== Segment start ==

lemma derived_finite_bound:
  "finite F \<Longrightarrow> \<forall>v\<in>F. \<exists>N. derived w N v \<Longrightarrow> \<exists>N. \<forall>v\<in>F. derived w N v"
proof (induction F rule: finite_induct)
  case (insert x F)
  then obtain N M where "\<forall>v\<in>F. derived w N v" "derived w M x" by auto
  then have "\<forall>v\<in>insert x F. derived w (max N M) v"
    by (metis derived_mono insert_iff max.cobounded1 max.cobounded2)
  then show ?case by blast
qed simp

lemma joint_repetition_property_subset:
  "joint_repetition_property d S \<Longrightarrow> T \<subseteq> S \<Longrightarrow> joint_repetition_property d T"
  unfolding joint_repetition_property_def by blast

lemma derived_joint_repetition:
  fixes w :: "nat \<Rightarrow> real"
  assumes rep: "repetition_property tdist w"
  shows "joint_repetition_property tdist {v. \<exists>N. derived w N v}"
proof -
  have common: "\<exists>q\<ge>1. \<forall>v\<in>F. \<forall>n\<le>r*q. tdist (v n) (v (n + q)) < \<epsilon>"
    if F: "F \<subseteq> {v. \<exists>N. derived w N v}" and fin: "finite F"
      and \<epsilon>: "\<epsilon> > 0" and r: "r \<ge> 1" for F \<epsilon> r
  proof -
    have "\<forall>v\<in>F. \<exists>N. derived w N v" using F by blast
    then obtain N where "\<forall>v\<in>F. derived w N v" using derived_finite_bound[OF fin] by blast
    with derived_common_period[OF rep \<epsilon> r, of N] show ?thesis by blast
  qed
  have "repetition_property tdist v" if "v \<in> {v. \<exists>N. derived w N v}" for v
    unfolding repetition_property_def
  proof (intro allI impI)
    fix \<epsilon> :: real and r :: nat assume "\<epsilon> > 0" "r \<ge> 1"
    with common[of "{v}" \<epsilon> r] that show "\<exists>q\<ge>1. \<forall>n\<le>r*q. tdist (v n) (v (n + q)) < \<epsilon>"
      by simp
  qed
  with common show ?thesis unfolding joint_repetition_property_def by blast
qed

theorem lemma3p1:
  fixes \<omega> :: "nat \<Rightarrow> real"
  assumes "repetition_property tdist \<omega>"
  shows "(\<forall>l::nat. l \<ge> 1 \<longrightarrow> repetition_property tdist (\<lambda>n. \<omega> (n + l)))
    \<and> (\<forall>l::nat. l \<ge> 1 \<longrightarrow> repetition_property tdist (\<lambda>n. \<omega> (n * l)))
    \<and> (\<forall>l::int. repetition_property tdist (\<lambda>n. of_int l * \<omega> n))
    \<and> joint_repetition_property tdist
        ({\<omega>}
         \<union> {(\<lambda>n. \<omega> (n + l)) | l::nat. l \<ge> 1}
         \<union> {(\<lambda>n. \<omega> (n * l)) | l::nat. l \<ge> 1}
         \<union> {(\<lambda>n. of_int l * \<omega> n) | l::int. True})"
  (is "?a \<and> ?b \<and> ?c \<and> joint_repetition_property tdist ?S")
proof -
  have "?S \<subseteq> {v. \<exists>N. derived \<omega> N v}"
  proof
    fix v assume "v \<in> ?S"
    then consider "v = (\<lambda>n. \<omega> (n * 1))"
      | (shift) l where "l \<ge> 1" "v = (\<lambda>n. \<omega> (n + l))"
      | (dilation) l where "l \<ge> 1" "v = (\<lambda>n. \<omega> (n * l))"
      | (multiple) l where "v = (\<lambda>n. of_int l * \<omega> n)"
      by auto
    then have "\<exists>N. derived \<omega> N v"
    proof cases
      case 1
      then have "derived \<omega> 1 v" unfolding derived_def by (intro disjI2 disjI1 exI[of _ 1]) simp
      then show ?thesis ..
    next
      case (shift l)
      then have "derived \<omega> l v" unfolding derived_def by (intro disjI1 exI[of _ l]) simp
      then show ?thesis ..
    next
      case (dilation l)
      then have "derived \<omega> l v" unfolding derived_def by (intro disjI2 disjI1 exI[of _ l]) simp
      then show ?thesis ..
    next
      case (multiple l)
      then have "derived \<omega> (nat \<bar>l\<bar>) v" unfolding derived_def by (intro disjI2 exI[of _ l]) simp
      then show ?thesis ..
    qed
    then show "v \<in> {v. \<exists>N. derived \<omega> N v}" by simp
  qed
  with derived_joint_repetition[OF assms]
  have joint: "joint_repetition_property tdist ?S" by (rule joint_repetition_property_subset)
  then have "\<forall>v\<in>?S. repetition_property tdist v"
    unfolding joint_repetition_property_def by blast
  with joint show ?thesis by blast
qed

end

== Segment end ==

# Problem description
Nothing but a number is wanted here: how many lines of the material contain the string "proof".

# Problem solution
7